Someone sent us an e-mail containing a picture of a box of Kellogg’s corn flakes with pictures of many of the recent political contenders on the front. The label said, “Same old CORN different FLAKES with more added NUTS this time.” Oh boy! How true!
Someone asks every so often why we can have 50 contestants for Miss American and only two—maybe three—presidential candidates. After listening to some of the remarks made by various political candidates, I am not too sure, but I do believe the Miss America contestants would be just about as capable as some of the candidates. How sad.
My parents were astounded that one candidate has rounded up 90 million dollars this year for his campaign. That’s pretty big money—even in Texas. And then the parents started sniffing around to see if they could find the major funding source. Well, I don’t believe everything I read on the Internet, and there probably isn’t any law that says that people outside the USA can’t contribute to our candidates. Still, at least one candidate probably won’t be getting any funding from the Middle East.

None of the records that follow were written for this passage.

(* Let $H$ be a connected graph and $G=L(H)$. Then $G$ is localizable if and only if one of the following holds: (1) $H$ is not isomorphic to any of $K_3$, $K_4$, the diamond, and the pendant reduction $F$ of $H$ is a connected bipartite graph with a bipartition of $V(F)$ into independent sets $U$ and $W$ such that (a) $R_{\diamond}(H)\cup R_{K_4}(H)\subseteq U$, (b) $R_{\triangle}(H)\subseteq W$, and (c) every vertex $u\in U\setminus R_{K_4}(H)$ is strong in the graph $F-(N_F(u)\cap R_{\triangle}(H))$; (2) $H$ is isomorphic to $K_3$ or to $K_4$.
   Context: $L(H)$ is the line graph of $H$. A clique is strong if it intersects every maximal independent set; a graph is localizable if its vertex set admits a partition into strong cliques. A vertex $v$ of a graph is strong if every maximal matching of that graph covers $v$. The diamond is the graph with vertices $a,b,c,d$ and edges $ab,ac,bc,bd,cd$, with tips $a,d$. Let $d_H$ denote degree in $H$. For a triangle with vertices $a,b,c$ in $H$: it is a pendant triangle if $d_H(a)=d_H(b)=2<d_H(c)$, with root $c$; a pendant diamond is a set of vertices $a,b,c,d$ of $H$ inducing a diamond with tips $a,d$ such that $d_H(a)=2$ and $d_H(b)=d_H(c)=3\le d_H(d)$, with root $d$; a pendant $K_4$ is a set of vertices $a,b,c,d$ inducing $K_4$ with $d_H(a)=d_H(b)=d_H(c)=3<d_H(d)$, with root $d$. These are the pendant subgraphs of $H$. $R_{\triangle}(H)$, $R_{\diamond}(H)$, $R_{K_4}(H)$ denote the sets of roots of all pendant triangles, pendant diamonds, and pendant $K_4$s of $H$, respectively. The pendant reduction of $H$ is the graph obtained from $H$ by deleting all non-root vertices of all its pendant subgraphs. $N_F(u)$ is the neighborhood of $u$ in $F$. *)

theory Defs
  imports Main "HOL-Library.Disjoint_Sets"
begin

definition graph :: "'a set \<Rightarrow> 'a set set \<Rightarrow> bool" where
  "graph V E \<longleftrightarrow> finite V \<and> (\<forall>e\<in>E. \<exists>u v. u \<noteq> v \<and> e = {u, v} \<and> u \<in> V \<and> v \<in> V)"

Somehow our country needs to come up with a better plan for finding qualified people to fill positions of responsibility. If we had a draft system for Congress instead of these impressive pay packages and perks, I suspect that we would find ourselves with an entirely new generation of “draft dodgers”! If every lawyer had to spend two years serving in the criminal justice system or in a court where nothing except stupid lawsuits were heard, we might have lawyers with an entirely new outlook on law.
The same technique that is sometimes used to make alcohol distasteful to alcoholics might work for people in other situations. For instance, all these egotistical doctors who think that they know it all should spend at least two years as bedpan jockeys on rotation in mental hospitals, rest homes, and in rural hospitals. Each principal should spend two years teaching a semester each in pre-K, junior high, high school, and one of the “alternate” education sites for juvenile offenders.
Some of the high schools have a program that supplies babies—or something as delicate as a baby—for students to carry around for six weeks. The really sophisticated “babies” have to be changed, fed, and put to sleep and record those interactions. But whether it is an egg or a five-pound sack of flour that the kids carry around, it just doesn’t really prepare them for that nine-month pregnancy, morning sickness, child birth, and sleepless nights. About two summers working in a day care center should help them learn the ropes—and some of the responsibilities that go with parenting.
We might as well take this idea to another level: people who want pets should have to work at least six months in a local shelter for homeless dogs, cats, and other animals. Let us think, too, about bankers and others who extend credit to people who cannot possibly ever pay back loans. Could creditors be licensed only after they have worked in a homeless shelter for six months?
Oh, teaching people to be responsible for themselves isn’t going to happen in any of these ways. And we will keep on getting “leaders” who lack much of what one old neighbor used to call “gumption.” America developed a strong will in people who were already intent on making their own way. No one person was responsible for building this nation, and no one person can lead or change an entire nation. We will probably keep having a few flakes sprinkled around for another four years or so. But when we get tired of corn and flakes, maybe we will find someone with a bit more gumption to help this country find its source of common sense again. Shucks (another corn pun ;-), I still like Mitt Romney.